#### ASSIGNMENT:
Pull out every line below holding the word "auto".

#### DATASET EXTRACT:

lemma noise_sum_le:
  assumes "1 \<le> t"
  shows "(\<Sum>i<n. \<integral>\<^sup>+\<omega>. (\<integral>\<^sup>+s. ennreal ((norm (c *\<^sub>R noise i t \<omega> s))\<^sup>2) \<partial>P i) \<partial>M)
    \<le> ennreal (c\<^sup>2 * (2 * \<beta>\<^sup>2 * (\<Sum>i<n. (\<sigma> i)\<^sup>2))) + ennreal (c\<^sup>2 * (6 * L\<^sup>2 * \<alpha>\<^sup>2)) * dir_sq t
      + ennreal (c\<^sup>2 * (12 * L\<^sup>2)) * consensus_sq t"
proof -
  have "(\<Sum>i<n. \<integral>\<^sup>+\<omega>. (\<integral>\<^sup>+s. ennreal ((norm (c *\<^sub>R noise i t \<omega> s))\<^sup>2) \<partial>P i) \<partial>M)
      \<le> (\<Sum>i<n. ennreal (c\<^sup>2 * (2 * \<beta>\<^sup>2 * (\<sigma> i)\<^sup>2))
        + ennreal (c\<^sup>2 * (2 * L\<^sup>2)) * (\<integral>\<^sup>+\<omega>. ennreal ((norm (x i (Suc t) \<omega> - x i t \<omega>))\<^sup>2) \<partial>M))"
    using assms by (intro sum_mono noise_sq_integral_le) auto
  also have "\<dots> = ennreal (c\<^sup>2 * (2 * \<beta>\<^sup>2 * (\<Sum>i<n. (\<sigma> i)\<^sup>2))) + ennreal (c\<^sup>2 * (2 * L\<^sup>2))
      * (\<Sum>i<n. \<integral>\<^sup>+\<omega>. ennreal ((norm (x i (Suc t) \<omega> - x i t \<omega>))\<^sup>2) \<partial>M)"
    by (simp add: sum.distrib sum_distrib_left)
  also have "\<dots> \<le> ennreal (c\<^sup>2 * (2 * \<beta>\<^sup>2 * (\<Sum>i<n. (\<sigma> i)\<^sup>2)))
      + ennreal (c\<^sup>2 * (2 * L\<^sup>2)) * (ennreal (3 * \<alpha>\<^sup>2) * dir_sq t + 6 * consensus_sq t)"
    using assms by (intro add_left_mono mult_left_mono iterate_step_sq_le) auto
  also have "\<dots> = ennreal (c\<^sup>2 * (2 * \<beta>\<^sup>2 * (\<Sum>i<n. (\<sigma> i)\<^sup>2)))
      + ennreal (c\<^sup>2 * (6 * L\<^sup>2 * \<alpha>\<^sup>2)) * dir_sq t + ennreal (c\<^sup>2 * (12 * L\<^sup>2)) * consensus_sq t"
  proof -
    have "ennreal (c\<^sup>2 * (2 * L\<^sup>2)) * ennreal (3 * \<alpha>\<^sup>2) = ennreal (c\<^sup>2 * (6 * L\<^sup>2 * \<alpha>\<^sup>2))"
      by (simp add: ennreal_mult'[symmetric] mult_ac)
    moreover have "ennreal (c\<^sup>2 * (2 * L\<^sup>2)) * 6 = ennreal (c\<^sup>2 * (12 * L\<^sup>2))"
      by (simp add: ennreal_mult'[symmetric] mult_ac flip: ennreal_numeral)
    ultimately show ?thesis
      by (simp add: distrib_left mult.assoc[symmetric] add.assoc)
  qed
  finally show ?thesis .
qed

lemma grad_err_Suc_le:
  assumes t: "1 \<le> t"
  shows "grad_err (Suc t) \<le> ennreal (1 - \<beta>) * grad_err t + (ennreal (2 * \<beta>\<^sup>2 * (\<Sum>i<n. (\<sigma> i)\<^sup>2))
    + ennreal (6 * L\<^sup>2 * \<alpha>\<^sup>2) * dir_sq t + ennreal (12 * L\<^sup>2) * consensus_sq t)"
proof -
  have "grad_err (Suc t) \<le> (\<Sum>i<n. ennreal (1 - \<beta>) * (\<integral>\<^sup>+\<omega>. ennreal ((norm (err i t \<omega>))\<^sup>2) \<partial>M)
      + (\<integral>\<^sup>+\<omega>. (\<integral>\<^sup>+s. ennreal ((norm (1 *\<^sub>R noise i t \<omega> s))\<^sup>2) \<partial>P i) \<partial>M))"
    unfolding grad_err_eq[OF le_SucI[OF t]]
  proof (intro sum_mono)
    fix i assume "i \<in> {..<n}"
    then show "(\<integral>\<^sup>+\<omega>. ennreal ((norm (err i (Suc t) \<omega>))\<^sup>2) \<partial>M)
        \<le> ennreal (1 - \<beta>) * (\<integral>\<^sup>+\<omega>. ennreal ((norm (err i t \<omega>))\<^sup>2) \<partial>M)
          + (\<integral>\<^sup>+\<omega>. (\<integral>\<^sup>+s. ennreal ((norm (1 *\<^sub>R noise i t \<omega> s))\<^sup>2) \<partial>P i) \<partial>M)"
      using err_sum_Suc_le[of "{i}" t 1] t by simp
  qed
  also have "\<dots> = ennreal (1 - \<beta>) * grad_err t
      + (\<Sum>i<n. \<integral>\<^sup>+\<omega>. (\<integral>\<^sup>+s. ennreal ((norm (1 *\<^sub>R noise i t \<omega> s))\<^sup>2) \<partial>P i) \<partial>M)"
    by (simp add: grad_err_eq[OF t] sum.distrib sum_distrib_left)
  also have "\<dots> \<le> ennreal (1 - \<beta>) * grad_err t + (ennreal (2 * \<beta>\<^sup>2 * (\<Sum>i<n. (\<sigma> i)\<^sup>2))
      + ennreal (6 * L\<^sup>2 * \<alpha>\<^sup>2) * dir_sq t + ennreal (12 * L\<^sup>2) * consensus_sq t)"
    using noise_sum_le[OF t, of 1] by (intro add_left_mono) simp
  finally show ?thesis .
qed

lemma grad_err_avg_Suc_le:
  assumes t: "1 \<le> t"
  shows "grad_err_avg (Suc t) \<le> ennreal (1 - \<beta>) * grad_err_avg t
    + (ennreal ((1 / real n)\<^sup>2 * (2 * \<beta>\<^sup>2 * (\<Sum>i<n. (\<sigma> i)\<^sup>2)))
      + ennreal ((1 / real n)\<^sup>2 * (6 * L\<^sup>2 * \<alpha>\<^sup>2)) * dir_sq t
      + ennreal ((1 / real n)\<^sup>2 * (12 * L\<^sup>2)) * consensus_sq t)"
  unfolding grad_err_avg_eq
  using err_sum_Suc_le[of "{..<n}" t "1 / real n"] noise_sum_le[OF t, of "1 / real n"] t
  by (auto intro: order_trans add_left_mono)

lemma grad_err_first_le: "grad_err 1 \<le> ennreal ((\<Sum>i<n. (\<sigma> i)\<^sup>2) / real b0)"
proof -
  have "grad_err 1 \<le> (\<Sum>i<n. ennreal ((\<sigma> i)\<^sup>2 / real b0))"
    unfolding grad_err_eq[OF order_refl] using err_sum_first_le[of "{_}" 1] by (intro sum_mono) simp
  then show ?thesis
    by (simp add: sum_divide_distrib)
qed

lemma grad_err_avg_first_le: "grad_err_avg 1 \<le> ennreal ((\<Sum>i<n. (\<sigma> i)\<^sup>2) / ((real n)\<^sup>2 * real b0))"
  unfolding grad_err_avg_eq using err_sum_first_le[of "{..<n}" "1 / real n"]
  by (simp add: power_divide)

#### FINISHED EXERCISE:
    using assms by (intro sum_mono noise_sq_integral_le) auto
    using assms by (intro add_left_mono mult_left_mono iterate_step_sq_le) auto
  by (auto intro: order_trans add_left_mono)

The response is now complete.